lemma perm_4_fixed_point_free_pairs:
  assumes F: "card F = 4" and \<pi>: "inj_on \<pi> F" "\<pi> ` F = F" and f: "f \<in> F"
    and no_fix: "\<And>x. x \<in> F \<Longrightarrow> \<pi> x \<noteq> x"
  obtains A\<^sub>1 A\<^sub>2 Y where "A\<^sub>1 \<subseteq> F" "A\<^sub>2 \<subseteq> F" "\<pi> ` A\<^sub>1 = A\<^sub>2" "\<pi> ` A\<^sub>2 = A\<^sub>1"
    "card A\<^sub>1 = 2" "\<pi> ` A\<^sub>1 \<noteq> A\<^sub>1" "Y \<subseteq> F" "card Y = 2" "\<pi> ` Y \<noteq> Y" "Y \<noteq> A\<^sub>1" "Y \<noteq> A\<^sub>2"
proof -
  have in_F: "\<pi> x \<in> F" if "x \<in> F" for x using \<pi>(2) that by blast
  have eq_iff: "\<pi> x = \<pi> y \<longleftrightarrow> x = y" if "x \<in> F" "y \<in> F" for x y
    using \<pi>(1) that by (simp add: inj_on_eq_iff)
  define g h where "g = \<pi> f" and "h = \<pi> g"
  have g: "g \<in> F" "g \<noteq> f" and h: "h \<in> F" "h \<noteq> g"
    using f in_F no_fix unfolding g_def h_def by auto
  show thesis
  proof (cases "h = f")
    case True
    have "card (F - {f, g}) = 2" using F f g by (simp add: card_Diff_subset card.infinite)
    then obtain w where w: "w \<in> F" "w \<noteq> f" "w \<noteq> g"
      by (metis Diff_iff card.empty empty_iff insertCI zero_neq_numeral ex_in_conv)
    then obtain z where z: "F = {f, g, w, z}" "z \<noteq> f" "z \<noteq> g" "z \<noteq> w"
      using card_4_remaining[OF F f(1) g(1)] g(2) by metis
    have "\<pi> w \<in> F" "\<pi> w \<noteq> g" "\<pi> w \<noteq> f" "\<pi> w \<noteq> w"
      using in_F eq_iff w f g True no_fix unfolding g_def h_def by (metis insertCI)+
    then have "\<pi> w = z" using z(1) by blast
    have "\<pi> z \<in> F" "\<pi> z \<noteq> g" "\<pi> z \<noteq> f" "\<pi> z \<noteq> z"
      using in_F eq_iff z f g True no_fix unfolding g_def h_def by (metis insertCI)+
    then have "\<pi> z = w" using z(1) by blast
    show thesis
      by (rule that[of "{f, w}" "{g, z}" "{f, z}"])
        (use f g z w True \<open>\<pi> w = z\<close> \<open>\<pi> z = w\<close> in \<open>auto simp: g_def h_def doubleton_eq_iff\<close>)
  next
    case False
    obtain z where z: "F = {f, g, h, z}" "z \<noteq> f" "z \<noteq> g" "z \<noteq> h"
      using card_4_remaining[OF F f(1) g(1) h(1)] g(2) h(2) False by metis
    have "\<pi> z \<in> F" "\<pi> z \<noteq> g" "\<pi> z \<noteq> h" "\<pi> z \<noteq> z"
      using in_F eq_iff z f g h no_fix unfolding g_def h_def by (metis insertCI)+
    then have "\<pi> z = f" using z(1) by blast
    have "\<pi> h \<in> F" "\<pi> h \<noteq> g" "\<pi> h \<noteq> h" "\<pi> h \<noteq> f"
      using in_F eq_iff z f g h no_fix \<open>\<pi> z = f\<close> unfolding g_def h_def by (metis insertCI)+
    then have "\<pi> h = z" using z(1) by blast
    show thesis
      by (rule that[of "{f, h}" "{g, z}" "{f, g}"])
        (use f g h z False \<open>\<pi> z = f\<close> \<open>\<pi> h = z\<close> in \<open>auto simp: g_def h_def doubleton_eq_iff\<close>)
  qed
qed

- - -

▸ **Work order**
Only the lines from the beginning of the entries through the line bearing "obtains A\<^sub>1 A\<^sub>2" should be returned, each exactly as written.

▸ **The answer**
lemma perm_4_fixed_point_free_pairs:
  assumes F: "card F = 4" and \<pi>: "inj_on \<pi> F" "\<pi> ` F = F" and f: "f \<in> F"
    and no_fix: "\<And>x. x \<in> F \<Longrightarrow> \<pi> x \<noteq> x"
  obtains A\<^sub>1 A\<^sub>2 Y where "A\<^sub>1 \<subseteq> F" "A\<^sub>2 \<subseteq> F" "\<pi> ` A\<^sub>1 = A\<^sub>2" "\<pi> ` A\<^sub>2 = A\<^sub>1"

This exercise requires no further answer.